Prepare for Hash Table interview questions at Swiggy — patterns, difficulty breakdown, and study tips.

Hash Table questions appear in over one-third of Swiggy's technical interview problem set (14 out of 41). This frequency reflects their core operational needs: real-time order matching, efficient restaurant and menu data retrieval, duplicate detection in user activity logs, and rapid geospatial lookups. Mastering hash tables is non-negotiable for tackling Swiggy's focus on scalable, high-performance systems that handle millions of concurrent data points.

What to Expect — Types of Problems

Swiggy's hash table problems typically extend beyond basic implementation. Expect them to be embedded in scenarios mirroring their platform's challenges.

  • Frequency Analysis & Counting: The most common pattern. Problems involve counting item frequencies, such as tracking most-ordered dishes, analyzing delivery partner activity, or identifying duplicate user IDs in logs.
  • Lookup & Existence Checks: Questions requiring O(1) checks for element presence. Examples include validating if a restaurant ID exists in a service zone or checking for a specific menu item across partnered kitchens.
  • Two-Number & Pair-Sum Variants: Classic problems adapted to Swiggy's domain, like finding two delivery assignments whose combined time matches a target or identifying complementary menu items frequently ordered together.
  • Sliding Window + Hash Map: More advanced problems combine a hash map with a sliding window to track characters or elements within a subarray. This pattern is useful for analyzing sequences, such as finding the longest delivery route segment with unique drop-off points.

How to Prepare — Study Tips with One Code Example

Focus on applying the hash table as a tool to achieve O(1) average-time lookups, thereby reducing naive O(n²) solutions to O(n). Internalize the frequency map pattern. Always clarify input constraints and edge cases (empty input, all duplicates, large datasets) aloud during the interview.

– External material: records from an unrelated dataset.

text \<open>Where a won vertex stops, player 1 can force a play dominated by an odd colour to a
  further such vertex.\<close>
lemma stable_odd_segment:
  assumes AB: "A \<subseteq> B" "B \<subseteq> V0" and stable: "profitable (cont_strategy A B) \<subseteq> B"
    and s: "s \<in> V0 \<inter> all_paths_won - B"
  shows "\<exists>ys s'. ys \<noteq> [] \<and> hd ys = succ0 s \<and> set ys \<subseteq> V \<and> successively (edge_rel E) (ys @ [succ0 s'])
      \<and> odd (Max (c ` set ys)) \<and> s' \<in> V0 \<inter> all_paths_won - B"
proof -
  let ?\<sigma> = "cont_strategy A B" and ?\<sigma>B = "cont_strategy B B"
  note \<sigma> = strategy0_cont_strategy[OF AB] and \<sigma>B = strategy0_cont_strategy[OF order_refl AB(2)]
  have s_V0: "s \<in> V0" using s by blast
  have "succ0 s \<notin> positive_vertices ?\<sigma>" using s stable unfolding profitable_def by blast
  then obtain \<tau> where \<tau>: "strategy1 \<tau>" and no_pos: "\<forall>p\<in>profiles ?\<sigma> \<tau> (Some (succ0 s)). \<not> prof_pos d p"
    using succ0_V[OF s_V0] unfolding positive_vertices_def by blast
  have won: "succ0 s \<in> all_paths_won" using all_paths_won_step[OF _ succ0_edge[OF s_V0]] s by blast
  have sub: "?\<sigma>B \<union> \<tau> \<subseteq> ?\<sigma> \<union> \<tau>" using cont_strategy_shrink[OF AB(1)] by blast
  interpret G: play_graph V c d "?\<sigma> \<union> \<tau>" using play_graph_strategies[OF \<sigma> \<tau>] .
  consider xs where "fin_play (?\<sigma>B \<union> \<tau>) (Some (succ0 s)) xs"
    | f where "inf_play (?\<sigma>B \<union> \<tau>) (Some (succ0 s)) f"
    using play_exists by blast
  then show ?thesis
  proof cases
    case (1 xs)
    obtain ys s' where ys: "xs = map Some ys @ [None]" "ys \<noteq> []" "hd ys = succ0 s" "set ys \<subseteq> V"
      "successively (edge_rel E) ys" "last ys = s'" "s' \<in> V0 \<inter> all_paths_won" "(Some s', None) \<in> ?\<sigma>B"
      using fin_play_from_all_paths_won[OF \<sigma>B \<tau> won 1] by blast
    have "fin_play (?\<sigma> \<union> \<tau>) (Some (succ0 s)) xs"
      using fin_play_mono[OF sub 1] G.no_edge_from_None ys(1) by simp
    then have "odd (Max (path_colours c xs))"
      using G.fin_play_sign(1)[OF succ0_V[OF s_V0]] no_pos play_profiles_finI by blast
    moreover have "path_colours c xs = c ` set ys" unfolding ys(1) path_colours_def by auto
    moreover have "s' \<notin> B" using ys(8) stop_in_cont_strategy by blast
    moreover have "successively (edge_rel E) (ys @ [succ0 s'])"
      using ys(2,5,6,7) succ0_edge by (simp add: successively_append_iff)
    ultimately show ?thesis using ys(2,3,4,7) by (intro exI[of _ ys] exI[of _ s']) simp
  next
    case (2 f)
    then have "inf_prof c f = PosInf" using inf_play_from_all_paths_won[OF \<sigma>B \<tau> won] by blast
    moreover have "inf_play (?\<sigma> \<union> \<tau>) (Some (succ0 s)) f" using inf_play_mono[OF sub 2] .
    ultimately show ?thesis using no_pos play_profiles_infI prof_pos_PosInf by metis
  qed
qed

lemma stable_cont_set_covers_won:
  assumes AB: "A \<subseteq> B" "B \<subseteq> V0" and stable: "profitable (cont_strategy A B) \<subseteq> B"
  shows "V0 \<inter> all_paths_won \<subseteq> B"
proof (rule ccontr)
  let ?P = "\<lambda>x. \<exists>s\<in>V0 \<inter> all_paths_won - B. x = succ0 s"
  have step: "\<exists>ys y. ys \<noteq> [] \<and> hd ys = x \<and> set ys \<subseteq> V \<and> successively (edge_rel E) (ys @ [y])
      \<and> odd (Max (c ` set ys)) \<and> ?P y" if x: "?P x" for x
  proof -
    obtain s where s: "s \<in> V0 \<inter> all_paths_won - B" "x = succ0 s" using x by blast
    then obtain ys s' where "ys \<noteq> []" "hd ys = x" "set ys \<subseteq> V" "successively (edge_rel E) (ys @ [succ0 s'])"
      "odd (Max (c ` set ys))" "s' \<in> V0 \<inter> all_paths_won - B"
      using stable_odd_segment[OF AB stable s(1)] by blast
    then show ?thesis by (intro exI[of _ ys] exI[of _ "succ0 s'"]) blast
  qed
  assume "\<not> V0 \<inter> all_paths_won \<subseteq> B"
  then obtain s0 where s0: "s0 \<in> V0 \<inter> all_paths_won - B" by blast
  then have "?P (succ0 s0)" by blast
  then obtain g where "g 0 = succ0 s0" "\<And>n. (g n, g (Suc n)) \<in> E" "range g \<subseteq> V"
    "odd (Max (limit (c \<circ> g)))"
    using lasso_of_segments[OF finite_V, where P = ?P and R = "edge_rel E" and Q = odd and col = c]
      step by blast
  moreover have "succ0 s0 \<in> all_paths_won" using s0 all_paths_won_step succ0_edge by blast
  ultimately show False unfolding all_paths_won_def parity_win0_limit by blast
qed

A fundamental technique is using a hash map to count element frequencies in a single pass. This is the building block for most counting problems.

def count_frequencies(items):
    """Counts frequency of each item in a list."""
    freq_map = {}
    for item in items:
        freq_map[item] = freq_map.get(item, 0) + 1
    return freq_map

# Example: Counting most ordered dish IDs
dish_ids = [101, 102, 101, 103, 101, 102]
print(count_frequencies(dish_ids))
# Output: {101: 3, 102: 2, 103: 1}
  1. Basics: Two Sum, First Unique Character, Valid Anagram.
  2. Frequency & Counting: Top K Frequent Elements, Group Anagrams.
  3. Design & Advanced: LRU Cache, Insert Delete GetRandom O(1).
  4. Swiggy-Specific Practice: Solve all 14 tagged problems on CodeJeet, focusing on the domain context.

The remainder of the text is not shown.